Exercise
Set down, please, exactly the lines below that run from the line with "by (simp only: power_Suc[of" to the line with "2 * catalan_fps)", both lines included.

┄┄┄┄┄┄

lemma fraction_bound_from_counts:
  fixes n k d l q y p :: nat
  assumes count: "n \<le> 2 * d * l + y + (2 * k + 8 * d) * q" and "y \<le> (k + 1) * p"
    and leaves: "real l \<le> real n / (5 * real d)" and small: "real q < real n / (40 * real k)"
    and "1 \<le> d" "4 * d \<le> k"
  shows "real n / (40 * real k) \<le> real p"
proof -
  have "0 < real d" "0 < real k" using assms(5,6) by simp_all
  have "real (5 * (d * l)) \<le> real n" using leaves \<open>0 < real d\<close> by (simp add: pos_le_divide_eq mult_ac)
  moreover have "real (40 * (k * q)) < real n" using small \<open>0 < real k\<close> by (simp add: pos_less_divide_eq mult_ac)
  ultimately have "5 * (d * l) \<le> n" "40 * (k * q) < n" by (simp_all only: of_nat_le_iff of_nat_less_iff)
  moreover have "4 * (d * q) \<le> k * q" "p \<le> k * p"
    using assms(5,6) mult_le_mono1[of "4 * d" k q] by simp_all
  moreover have "n \<le> 2 * (d * l) + y + 2 * (k * q) + 8 * (d * q)" "y \<le> k * p + p"
    using count assms(2) by (simp_all add: algebra_simps)
  ultimately have "n \<le> 40 * (k * p)" by linarith
  then have "real n \<le> real (40 * (k * p))" by (simp only: of_nat_le_iff)
  then show ?thesis using \<open>0 < real k\<close> by (simp add: pos_divide_le_eq mult_ac)
qed

theorem lemma3p16:
  fixes V :: "'a set" and E :: "'a set set" and n k d :: nat
  assumes "d \<ge> 1"
    and "n \<ge> 60 * k" and "k \<ge> 4 * d"
    and "tree V E" and "card V = n"
    and "real (card (leaves V E)) \<le> real n / (5 * real d)"
  shows "(\<exists>Q \<subseteq> leaves V E. separated V E (2 * d) Q \<and> real (card Q) \<ge> real n / (40 * real k))
       \<or> (\<exists>P. finite P \<and> (\<forall>p\<in>P. bare_path V E p \<and> path_len p = k)
              \<and> (\<forall>p\<in>P. \<forall>q\<in>P. p \<noteq> q \<longrightarrow> set p \<inter> set q = {})
              \<and> real (card P) \<ge> real n / (40 * real k))"
proof -
  obtain r where r: "r \<in> leaves V E" using tree_has_leaf[OF assms(4)] assms(1-3,5) by fastforce
  then obtain par dep where "rooted_tree V E r par dep"
    using rooted_tree_exists[OF assms(4)] unfolding leaves_def by blast
  then interpret rooted_tree V E r par dep .
  obtain Q where Q: "Q \<subseteq> leaves V E" "Q \<noteq> {}" "separated V E (2 * d) Q"
    "\<forall>l\<in>leaves V E - Q. \<exists>q\<in>Q. tdist l q < 2 * d"
    using exists_separated_leaf_net[of "2 * d"] assms(4) r unfolding tree_def by blast
  interpret leaf_net V E r par dep Q d k
    by unfold_locales (use r Q assms(1) in auto)
  show ?thesis
  proof (cases "real n / (40 * real k) \<le> real (card Q)")
    case False
    obtain P where "finite P" "\<forall>p\<in>P. bare_path V E p \<and> path_len p = k"
      "\<forall>p\<in>P. \<forall>q\<in>P. p \<noteq> q \<longrightarrow> set p \<inter> set q = {}" "card chain_starts \<le> (k + 1) * card P"
      using many_bare_paths by blast
    moreover have "real n / (40 * real k) \<le> real (card P)"
      using fraction_bound_from_counts[OF card_V_le[unfolded assms(5)] \<open>card chain_starts \<le> _\<close> assms(6)]
        False assms(1,3) by simp
    ultimately show ?thesis by blast
  qed (use Q in blast)
qed

end
lemma half_gchoose_eq_catalan:
  "((1/2 :: real) gchoose Suc m) * (-4) ^ Suc m = -2 * catalan m"
proof (induction m)
  case 0
  show ?case by (simp add: catalan_def)
next
  case (Suc m)
  let ?a = "(1/2 :: real) gchoose Suc m" and ?p = "(-4 :: real) ^ Suc m"
  have rec: "real (m + 2) * ((1/2 :: real) gchoose Suc (Suc m)) = (1/2 - real (Suc m)) * ?a"
    using gbinomial_mult_1[of "1/2 :: real" "Suc m"] by (simp add: algebra_simps)
  have "real (m + 2) * (((1/2 :: real) gchoose Suc (Suc m)) * (-4) ^ Suc (Suc m))
      = -4 * ?p * (real (m + 2) * ((1/2 :: real) gchoose Suc (Suc m)))"
    by (simp only: power_Suc[of "-4 :: real" "Suc m"] mult_ac)
  also have "\<dots> = (4 * real m + 2) * (?a * ?p)"
    unfolding rec by (simp add: algebra_simps)
  also have "\<dots> = (4 * real m + 2) * (-2 * catalan m)"
    by (simp only: Suc.IH)
  also have "\<dots> = real (m + 2) * (-2 * catalan (Suc m))"
    using catalan_Suc[of m] by (simp add: ring_distribs)
  finally show ?case
    by (metis mult_cancel_left of_nat_eq_0_iff add_2_eq_Suc' nat.distinct(1))
qed

definition catalan_fps :: "real fps" where
  "catalan_fps = Abs_fps (\<lambda>n. if n = 0 then 0 else catalan (n - 1))"

lemma catalan_fps_nth: "catalan_fps $ n = (if n = 0 then 0 else catalan (n - 1))"
  by (simp add: catalan_fps_def)

lemma one_minus_two_catalan_fps:
  "1 - 2 * catalan_fps = Abs_fps (\<lambda>n. ((1/2 :: real) gchoose n) * (-4) ^ n)"
proof (rule fps_ext)
  fix n
  show "(1 - 2 * catalan_fps) $ n = Abs_fps (\<lambda>n. ((1/2 :: real) gchoose n) * (-4) ^ n) $ n"
    by (cases n) (simp_all add: catalan_fps_nth half_gchoose_eq_catalan fps_numeral_fps_const del: power_Suc)
qed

┄┄┄┄┄┄

Written solution
    by (simp only: power_Suc[of "-4 :: real" "Suc m"] mult_ac)
  also have "\<dots> = (4 * real m + 2) * (?a * ?p)"
    unfolding rec by (simp add: algebra_simps)
  also have "\<dots> = (4 * real m + 2) * (-2 * catalan m)"
    by (simp only: Suc.IH)
  also have "\<dots> = real (m + 2) * (-2 * catalan (Suc m))"
    using catalan_Suc[of m] by (simp add: ring_distribs)
  finally show ?case
    by (metis mult_cancel_left of_nat_eq_0_iff add_2_eq_Suc' nat.distinct(1))
qed

definition catalan_fps :: "real fps" where
  "catalan_fps = Abs_fps (\<lambda>n. if n = 0 then 0 else catalan (n - 1))"

lemma catalan_fps_nth: "catalan_fps $ n = (if n = 0 then 0 else catalan (n - 1))"
  by (simp add: catalan_fps_def)

lemma one_minus_two_catalan_fps:
  "1 - 2 * catalan_fps = Abs_fps (\<lambda>n. ((1/2 :: real) gchoose n) * (-4) ^ n)"
proof (rule fps_ext)
  fix n
  show "(1 - 2 * catalan_fps) $ n = Abs_fps (\<lambda>n. ((1/2 :: real) gchoose n) * (-4) ^ n) $ n"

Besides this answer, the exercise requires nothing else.